→ **WORK REQUIRED**
Please copy out the entries below exactly, beginning with the line that contains "a weight function" and ending with the line that contains "(v, u) \<in> (F", and include nothing outside that span.

→ **LISTED ENTRIES**
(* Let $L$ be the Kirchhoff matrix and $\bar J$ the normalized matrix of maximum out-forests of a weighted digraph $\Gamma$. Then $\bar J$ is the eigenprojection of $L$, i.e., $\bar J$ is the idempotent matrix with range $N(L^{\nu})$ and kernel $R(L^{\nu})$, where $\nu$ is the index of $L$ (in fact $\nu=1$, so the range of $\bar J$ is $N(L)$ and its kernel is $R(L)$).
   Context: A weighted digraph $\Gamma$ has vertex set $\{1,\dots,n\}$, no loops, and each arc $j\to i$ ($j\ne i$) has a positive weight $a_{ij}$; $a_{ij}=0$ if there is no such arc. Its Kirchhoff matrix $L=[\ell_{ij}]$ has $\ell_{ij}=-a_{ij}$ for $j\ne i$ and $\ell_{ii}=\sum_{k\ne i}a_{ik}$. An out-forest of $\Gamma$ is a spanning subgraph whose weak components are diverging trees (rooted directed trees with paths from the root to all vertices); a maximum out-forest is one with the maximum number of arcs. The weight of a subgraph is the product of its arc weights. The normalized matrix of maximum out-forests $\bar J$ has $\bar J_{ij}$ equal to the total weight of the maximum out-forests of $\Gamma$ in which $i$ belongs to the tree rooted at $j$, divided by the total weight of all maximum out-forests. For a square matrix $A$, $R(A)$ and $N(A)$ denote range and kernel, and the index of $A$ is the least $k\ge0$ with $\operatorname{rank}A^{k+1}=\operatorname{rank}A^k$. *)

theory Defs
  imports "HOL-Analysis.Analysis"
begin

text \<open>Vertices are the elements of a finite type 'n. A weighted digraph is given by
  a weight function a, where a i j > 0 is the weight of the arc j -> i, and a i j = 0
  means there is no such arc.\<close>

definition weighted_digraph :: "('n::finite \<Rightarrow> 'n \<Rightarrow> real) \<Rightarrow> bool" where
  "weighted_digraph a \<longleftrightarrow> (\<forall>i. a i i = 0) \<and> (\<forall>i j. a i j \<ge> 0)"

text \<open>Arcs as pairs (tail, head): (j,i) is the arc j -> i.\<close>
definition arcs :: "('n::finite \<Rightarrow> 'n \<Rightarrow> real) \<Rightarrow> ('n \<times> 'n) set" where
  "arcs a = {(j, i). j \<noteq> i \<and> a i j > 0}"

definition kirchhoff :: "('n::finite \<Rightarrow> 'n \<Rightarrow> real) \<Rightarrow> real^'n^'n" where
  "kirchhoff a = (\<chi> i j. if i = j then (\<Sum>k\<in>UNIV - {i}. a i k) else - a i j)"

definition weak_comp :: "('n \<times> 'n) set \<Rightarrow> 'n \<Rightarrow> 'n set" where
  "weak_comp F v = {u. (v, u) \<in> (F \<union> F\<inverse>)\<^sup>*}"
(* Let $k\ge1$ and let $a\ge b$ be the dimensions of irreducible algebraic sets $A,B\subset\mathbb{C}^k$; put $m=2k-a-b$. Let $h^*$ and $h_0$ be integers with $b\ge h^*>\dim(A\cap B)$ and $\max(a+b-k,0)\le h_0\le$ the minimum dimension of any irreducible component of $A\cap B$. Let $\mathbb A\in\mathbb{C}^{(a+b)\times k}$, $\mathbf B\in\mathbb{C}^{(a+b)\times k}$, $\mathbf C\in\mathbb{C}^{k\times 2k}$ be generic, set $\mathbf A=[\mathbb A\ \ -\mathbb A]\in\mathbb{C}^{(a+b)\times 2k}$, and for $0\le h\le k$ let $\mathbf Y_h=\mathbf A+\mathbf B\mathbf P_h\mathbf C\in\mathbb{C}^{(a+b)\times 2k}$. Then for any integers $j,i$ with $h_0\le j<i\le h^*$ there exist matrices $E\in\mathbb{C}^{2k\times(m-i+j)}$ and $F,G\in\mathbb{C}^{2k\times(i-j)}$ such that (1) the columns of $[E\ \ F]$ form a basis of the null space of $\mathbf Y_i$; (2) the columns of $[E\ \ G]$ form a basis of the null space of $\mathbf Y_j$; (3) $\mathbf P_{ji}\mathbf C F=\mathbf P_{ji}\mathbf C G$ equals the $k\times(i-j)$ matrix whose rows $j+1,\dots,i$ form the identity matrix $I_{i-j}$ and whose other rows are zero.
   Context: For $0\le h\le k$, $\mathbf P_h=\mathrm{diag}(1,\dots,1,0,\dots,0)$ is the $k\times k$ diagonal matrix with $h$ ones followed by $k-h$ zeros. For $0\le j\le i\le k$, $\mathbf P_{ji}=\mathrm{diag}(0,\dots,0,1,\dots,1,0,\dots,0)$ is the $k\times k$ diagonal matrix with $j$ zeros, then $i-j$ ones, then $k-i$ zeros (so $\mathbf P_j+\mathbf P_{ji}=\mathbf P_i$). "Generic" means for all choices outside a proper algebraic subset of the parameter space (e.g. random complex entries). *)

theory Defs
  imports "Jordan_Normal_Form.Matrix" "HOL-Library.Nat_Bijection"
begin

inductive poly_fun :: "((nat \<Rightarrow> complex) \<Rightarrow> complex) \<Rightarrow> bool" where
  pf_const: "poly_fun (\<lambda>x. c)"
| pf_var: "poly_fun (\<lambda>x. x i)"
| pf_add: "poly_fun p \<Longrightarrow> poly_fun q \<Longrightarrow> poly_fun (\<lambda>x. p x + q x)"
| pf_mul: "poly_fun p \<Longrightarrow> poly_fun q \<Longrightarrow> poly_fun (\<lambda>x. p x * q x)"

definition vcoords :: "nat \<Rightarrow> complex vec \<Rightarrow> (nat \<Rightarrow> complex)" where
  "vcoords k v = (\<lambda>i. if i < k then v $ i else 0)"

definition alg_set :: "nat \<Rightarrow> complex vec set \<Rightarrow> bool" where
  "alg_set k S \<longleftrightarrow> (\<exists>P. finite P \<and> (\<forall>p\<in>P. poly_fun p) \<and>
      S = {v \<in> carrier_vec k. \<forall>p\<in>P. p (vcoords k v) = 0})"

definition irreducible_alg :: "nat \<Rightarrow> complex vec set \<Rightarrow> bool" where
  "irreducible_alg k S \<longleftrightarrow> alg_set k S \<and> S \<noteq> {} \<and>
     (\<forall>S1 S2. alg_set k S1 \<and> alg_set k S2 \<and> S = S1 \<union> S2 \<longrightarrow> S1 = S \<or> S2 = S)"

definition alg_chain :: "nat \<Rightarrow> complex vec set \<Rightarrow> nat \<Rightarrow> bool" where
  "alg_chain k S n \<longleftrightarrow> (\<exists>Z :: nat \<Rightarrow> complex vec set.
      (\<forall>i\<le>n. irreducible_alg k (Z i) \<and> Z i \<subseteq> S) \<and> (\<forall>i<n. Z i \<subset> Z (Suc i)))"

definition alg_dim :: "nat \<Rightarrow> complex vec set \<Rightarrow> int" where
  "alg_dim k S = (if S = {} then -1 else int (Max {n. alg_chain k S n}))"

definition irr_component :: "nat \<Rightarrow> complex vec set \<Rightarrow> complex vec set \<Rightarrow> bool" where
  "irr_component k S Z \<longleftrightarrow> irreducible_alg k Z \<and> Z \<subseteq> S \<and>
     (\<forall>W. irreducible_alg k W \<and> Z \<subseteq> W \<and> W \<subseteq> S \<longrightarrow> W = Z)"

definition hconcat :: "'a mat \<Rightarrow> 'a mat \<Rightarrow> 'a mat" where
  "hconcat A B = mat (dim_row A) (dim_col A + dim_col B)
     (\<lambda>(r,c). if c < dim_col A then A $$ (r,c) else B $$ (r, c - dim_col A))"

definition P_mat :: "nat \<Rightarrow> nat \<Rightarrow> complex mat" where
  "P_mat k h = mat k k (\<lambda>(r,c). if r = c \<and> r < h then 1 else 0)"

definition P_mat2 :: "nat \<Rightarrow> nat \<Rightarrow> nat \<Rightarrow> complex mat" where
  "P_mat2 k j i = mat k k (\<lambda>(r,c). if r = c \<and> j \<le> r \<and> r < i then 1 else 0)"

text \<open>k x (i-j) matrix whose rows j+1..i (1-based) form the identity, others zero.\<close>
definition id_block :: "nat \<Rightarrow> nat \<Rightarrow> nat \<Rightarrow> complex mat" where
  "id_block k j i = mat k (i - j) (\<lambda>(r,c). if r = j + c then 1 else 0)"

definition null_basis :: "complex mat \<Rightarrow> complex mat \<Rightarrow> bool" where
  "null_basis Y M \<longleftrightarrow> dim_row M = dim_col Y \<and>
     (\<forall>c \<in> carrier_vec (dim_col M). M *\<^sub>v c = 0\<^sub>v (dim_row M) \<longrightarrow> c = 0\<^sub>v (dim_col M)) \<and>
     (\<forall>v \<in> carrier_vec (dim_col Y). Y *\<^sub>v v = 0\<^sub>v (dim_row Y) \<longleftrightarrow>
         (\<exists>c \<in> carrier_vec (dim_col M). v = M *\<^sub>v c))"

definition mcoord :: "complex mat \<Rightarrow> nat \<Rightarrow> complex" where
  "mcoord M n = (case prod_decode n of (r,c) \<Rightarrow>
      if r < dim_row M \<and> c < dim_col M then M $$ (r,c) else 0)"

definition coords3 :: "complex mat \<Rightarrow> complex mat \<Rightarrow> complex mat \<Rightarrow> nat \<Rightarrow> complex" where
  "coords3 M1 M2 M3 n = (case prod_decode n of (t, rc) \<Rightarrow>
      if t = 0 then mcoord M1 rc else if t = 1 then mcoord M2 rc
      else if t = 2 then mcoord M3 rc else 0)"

→ **RESULT FOR THIS EXERCISE**
  a weight function a, where a i j > 0 is the weight of the arc j -> i, and a i j = 0
  means there is no such arc.\<close>

definition weighted_digraph :: "('n::finite \<Rightarrow> 'n \<Rightarrow> real) \<Rightarrow> bool" where
  "weighted_digraph a \<longleftrightarrow> (\<forall>i. a i i = 0) \<and> (\<forall>i j. a i j \<ge> 0)"

text \<open>Arcs as pairs (tail, head): (j,i) is the arc j -> i.\<close>
definition arcs :: "('n::finite \<Rightarrow> 'n \<Rightarrow> real) \<Rightarrow> ('n \<times> 'n) set" where
  "arcs a = {(j, i). j \<noteq> i \<and> a i j > 0}"

definition kirchhoff :: "('n::finite \<Rightarrow> 'n \<Rightarrow> real) \<Rightarrow> real^'n^'n" where
  "kirchhoff a = (\<chi> i j. if i = j then (\<Sum>k\<in>UNIV - {i}. a i k) else - a i j)"

definition weak_comp :: "('n \<times> 'n) set \<Rightarrow> 'n \<Rightarrow> 'n set" where
  "weak_comp F v = {u. (v, u) \<in> (F \<union> F\<inverse>)\<^sup>*}"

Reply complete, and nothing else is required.